The double-up in FLOPS is courtesy of the Intel’s “Knights Landing” Xeon Phi processors, which began shipping earlier this year. The first system employed the older “Knights Corner” generation, a 61-core coprocessor built on 22nm technology, which delivered just over a teraflop of peak double precession performance. The new Knight Landing chips house 72 cores, are manufactured with a 14nm (3D transistor) technology, and promise over 3 teraflops per processor. If the system relied entirely on them, that would mean Stampede 2 would require close to 6,000 such chips, but according to the TACC announcement, some of the nodes will use “next generation” Xeon CPUs as well.
Besides the big bump in FLOPS, Stampede 2 will double memory, storage capacity, and system bandwidth. The latter will benefit from Intel’s new Omni-Path interconnect, a fabric technology whose first iteration will deliver 100 Gbps of inter-server bandwidth. The original Stampede relied on FDR 56Gbps InfiniBand as the system fabric.
The memory technology that will be incorporated into the supercomputer will be as important as the processor upgrades, and for memory-bound applications, even more so. The new Xeon Phi package will have the multi-channel DRAM (MCDRAM) modules, which deliver about four times the bandwidth of DDR4 memory.
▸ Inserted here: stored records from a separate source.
lemma det_bordered_jacobi_pre2_e1:
  assumes "1 \<le> n"
  shows "det (mat n n (\<lambda>(k, l). bordered_jacobi [pre2_e1] k l)) =
     (let q = of_nat (n div 12); r = n mod 12 in
        if r = 0 then 4 * q else if r \<in> {1, 2} then 8 * q else if r \<in> {3, 4} then 4 * q
        else if r \<in> {5, 6, 9, 10} then -4 * q - 2 else if r \<in> {7, 8} then -8 * q - 4
        else 4 * q + 4)"
  using assms
proof (induction n)
  case (Suc n)
  show ?case
  proof (cases "n = 0")
    case True
    have "pre2_e1 0 = 0" by (simp add: pre2_e1_def)
    with True show ?thesis using det_bordered_jacobi_single_1[of pre2_e1] by simp
  next
    case False
    then have pos: "1 \<le> n" by simp
    have "det (mat (Suc n) (Suc n) (\<lambda>(k, l). bordered_jacobi [pre2_e1] k l)) =
            det (mat n n (\<lambda>(k, l). bordered_jacobi [pre2_e1] k l))
            + (-1) ^ n * pre2_e1 n * det (mat n n (\<lambda>(k, l). jacobi k l))"
      using False by (simp add: det_bordered_jacobi_single_Suc)
    also have "\<dots> = (let q = of_nat (Suc n div 12); r = Suc n mod 12 in
        if r = 0 then 4 * q else if r \<in> {1, 2} then 8 * q else if r \<in> {3, 4} then 4 * q
        else if r \<in> {5, 6, 9, 10} then -4 * q - 2 else if r \<in> {7, 8} then -8 * q - 4
        else 4 * q + 4)"
      unfolding Suc.IH[OF pos] det_jacobi_mod_4 pre2_e1_def minus_one_power_iff mod_12_reduce[of n] Let_def
      using mod_12_cases[of n] False by (elim disjE) (simp_all add: algebra_simps)
    finally show ?thesis .
  qed
qed simp

lemma hankel_motzkin_F_2_minus_3_closed_form:
  assumes "2 \<le> n"
  shows "let k = n div 12; r = n mod 12 in
           hankelD motzkin_F 2 (-3) n =
             (if r \<in> {0, 4} then 1
              else if r \<in> {2, 8} then 0
              else if r \<in> {6, 10} then -1
              else if r = 1 then 8 * of_nat k
              else if r = 3 then - 8 * of_nat k
              else if r = 5 then 8 * of_nat k + 2
              else if r = 7 then - 8 * of_nat k - 4
              else if r = 9 then 8 * of_nat k + 4
              else - 8 * of_nat k - 6)"
proof -
  obtain m where n: "n = Suc m" and m: "1 \<le> m"
    using assms by (cases n) auto
  have "hankelD motzkin_F 2 (-3) n =
          (-1) ^ m * (pre2_e1 m * det (mat m m (\<lambda>(k, l). bordered_jacobi [pre_e1] k l))
                      - pre_e1 m * det (mat m m (\<lambda>(k, l). bordered_jacobi [pre2_e1] k l)))"
    unfolding hankel_motzkin_F_2_minus_3 n using m by (rule det_bordered_jacobi_pair_Suc)
  then show ?thesis
    unfolding det_bordered_jacobi_pre_e1 det_bordered_jacobi_pre2_e1[OF m] n
      pre_e1_def pre2_e1_def minus_one_power_iff mod_12_reduce[of m] Let_def
    using mod_12_cases[of m] m by (elim disjE) (simp_all add: algebra_simps)
qed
As such, it can act as a massive third level cache store, very fast conventional memory, or some combination of the two.
Even more exotic is the 3D XPoint non-volatile memory, which will be used in some of the Stampede nodes deployed in the last phase of the deployment. The technology was unveiled by Intel and Micron in 2015, but has yet to be seen in the wild. It promises faster speeds than flash NAND memory, with cheaper prices than regular DRAM.
The deployment timeline remains somewhat of a mystery, which probably means Intel is not sure when it will be able to deliver all the various componentry. They likely have already begun to assemble the system and will continue the build-out through 2017. Dell is the system vendor, with Seagate as the storage provider.